Efforts to enable police to respond more efficiently to public needs will confront no secrets or mysteries. The accumulated experience of two centuries of modern policing provides clear guidelines for action. The decentralization of responsibility and decisions for local district policing that guided the New York City reforms of the 1990s was rooted in the London police strategy of the 1830s. Recent research and technological developments have generated a menu of specific measures that can be enacted in any big city with the political will to improve public safety. These include installing more personal computers, reducing paperwork, buying longer-lasting equipment, replacing uniformed police with lower-paid civilians in routine office jobs, holding regular community meetings to analyze security problems, creating civilian review boards to evaluate police misconduct, eliminating tasks not related to police work and charging for services like protection at rock concerts and sports events. Bayley notes some new developments: "Building on computer-assisted dispatch systems (CADs), several forces now have on-line systems for tracking the availability of personnel at all operational levels, for monitoring work loads by unit and even by individuals and for reporting the actions taken by officers in the field." Computer-generated data, used in local precincts, could help to focus police attention on streets and neighborhoods where most serious crimes occur.

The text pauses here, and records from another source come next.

lemma has_Linf_derivative_add:
  assumes "has_Linf_derivative M z D t" "has_Linf_derivative M w E t"
  shows "has_Linf_derivative M (\<lambda>s x. z s x + w s x) (\<lambda>x. D x + E x) t"
  unfolding has_Linf_derivative_def
proof (intro conjI allI impI)
  show "in_Linf M (\<lambda>x. D x + E x)"
    using assms by (intro in_Linf_add) (auto simp: has_Linf_derivative_def)
  fix \<epsilon> :: real assume "0 < \<epsilon>"
  then have half: "0 < \<epsilon> / 2" by simp
  have "\<forall>\<^sub>F s in at t within {0..}. AE x in M. \<bar>z s x - z t x - (s - t) * D x\<bar> \<le> \<epsilon> / 2 * \<bar>s - t\<bar>"
    using assms(1)[unfolded has_Linf_derivative_def, THEN conjunct2, rule_format, OF half] .
  moreover have "\<forall>\<^sub>F s in at t within {0..}. AE x in M. \<bar>w s x - w t x - (s - t) * E x\<bar> \<le> \<epsilon> / 2 * \<bar>s - t\<bar>"
    using assms(2)[unfolded has_Linf_derivative_def, THEN conjunct2, rule_format, OF half] .
  ultimately show "\<forall>\<^sub>F s in at t within {0..}.
      AE x in M. \<bar>z s x + w s x - (z t x + w t x) - (s - t) * (D x + E x)\<bar> \<le> \<epsilon> * \<bar>s - t\<bar>"
  proof eventually_elim
    case (elim s)
    from elim show ?case
    proof eventually_elim
      case (elim x)
      have "\<bar>z s x + w s x - (z t x + w t x) - (s - t) * (D x + E x)\<bar>
          \<le> \<bar>z s x - z t x - (s - t) * D x\<bar> + \<bar>w s x - w t x - (s - t) * E x\<bar>"
        by (simp add: algebra_simps abs_triangle_ineq[THEN order_trans])
      with elim show ?case by simp
    qed
  qed
qed

lemma has_Linf_derivative_imp_tendsto_norm:
  assumes M: "emeasure M (space M) \<noteq> 0" and z: "\<And>s. 0 \<le> s \<Longrightarrow> in_Linf M (z s)"
    and deriv: "has_Linf_derivative M z D t" and t: "0 \<le> t"
  shows "((\<lambda>s. norm_Linf M (z s)) \<longlongrightarrow> norm_Linf M (z t)) (at t within {0..})"
proof -
  define C where "C = norm_Linf M D + 1"
  have D_bound: "AE x in M. \<bar>D x\<bar> \<le> norm_Linf M D"
    using deriv M by (intro AE_abs_le_norm_Linf) (simp_all add: has_Linf_derivative_def)
  have "\<forall>\<^sub>F s in at t within {0..}. AE x in M. \<bar>z s x - z t x - (s - t) * D x\<bar> \<le> 1 * \<bar>s - t\<bar>"
    using deriv[unfolded has_Linf_derivative_def, THEN conjunct2, rule_format, OF zero_less_one] .
  moreover have "\<forall>\<^sub>F s in at t within {0..}. 0 \<le> s" by (simp add: eventually_at_filter)
  ultimately have "\<forall>\<^sub>F s in at t within {0..}. 0 \<le> s \<and>
      (AE x in M. \<bar>z s x - z t x - (s - t) * D x\<bar> \<le> 1 * \<bar>s - t\<bar>)"
    by (rule eventually_conj[rotated])
  then have close: "\<forall>\<^sub>F s in at t within {0..}.
      norm (norm_Linf M (z s) - norm_Linf M (z t)) \<le> C * \<bar>s - t\<bar>"
  proof (elim eventually_mono conjE)
    fix s :: real assume s: "0 \<le> s"
      and step: "AE x in M. \<bar>z s x - z t x - (s - t) * D x\<bar> \<le> 1 * \<bar>s - t\<bar>"
    from step D_bound have "AE x in M. \<bar>z s x - z t x\<bar> \<le> C * \<bar>s - t\<bar>"
    proof eventually_elim
      case (elim x)
      have "\<bar>(s - t) * D x\<bar> \<le> \<bar>s - t\<bar> * norm_Linf M D"
        using elim(2) by (simp add: abs_mult mult_left_mono)
      then show ?case using elim(1) by (simp add: C_def algebra_simps)
    qed
    then show "norm (norm_Linf M (z s) - norm_Linf M (z t)) \<le> C * \<bar>s - t\<bar>"
      using norm_Linf_diff_le[OF z[OF s] z[OF t] M] by simp
  qed
  have "((\<lambda>s. C * \<bar>s - t\<bar>) \<longlongrightarrow> C * \<bar>t - t\<bar>) (at t within {0..})"
    by (intro tendsto_intros)
  then have "((\<lambda>s. C * \<bar>s - t\<bar>) \<longlongrightarrow> 0) (at t within {0..})" by simp
  with close show ?thesis by (rule LIM_zero_cancel[OF Lim_null_comparison])
qed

These resources would be used by a three-tiered system of (1) neighborhood police officers charged with preventing crime; (2) full-service basic police units at the district level, deciding local priorities and providing supervision and evaluation; (2) a central management staff to develop strategy and policy, provide resources and evaluate results. A streamlined three-tiered system would strengthen the Office of the Secretary of Public Security, sharing the same building with the Civil and Military Police chiefs, for better strategic, administrative and operational control of the two forces. Clearer priorities for district units would shift resources into more attention to youth crime and into intensified seizures of unlicensed guns and into annual relicensing of firearms with stricter criteria, using centralized data banks. New economic and promotional incentives could be developed for effective local policing. Hotline and emergency services, now scattered among several agencies, could be integrated into a single unit using more advanced technologies.

All these measures demand development of management and leadership skills through intensive training as well as better planning and research.Our experience shows that many police professionals hunger for better performance of their institutions.The climate and institutions of public security in São Paulo can be improved, as they have been in many other cities and countries. The cost of these improvements over the years will be much less than today’s high cost of insecurity. But little can be done without strong political leadership and civic participation. The local decision to solve these problems still has not been made.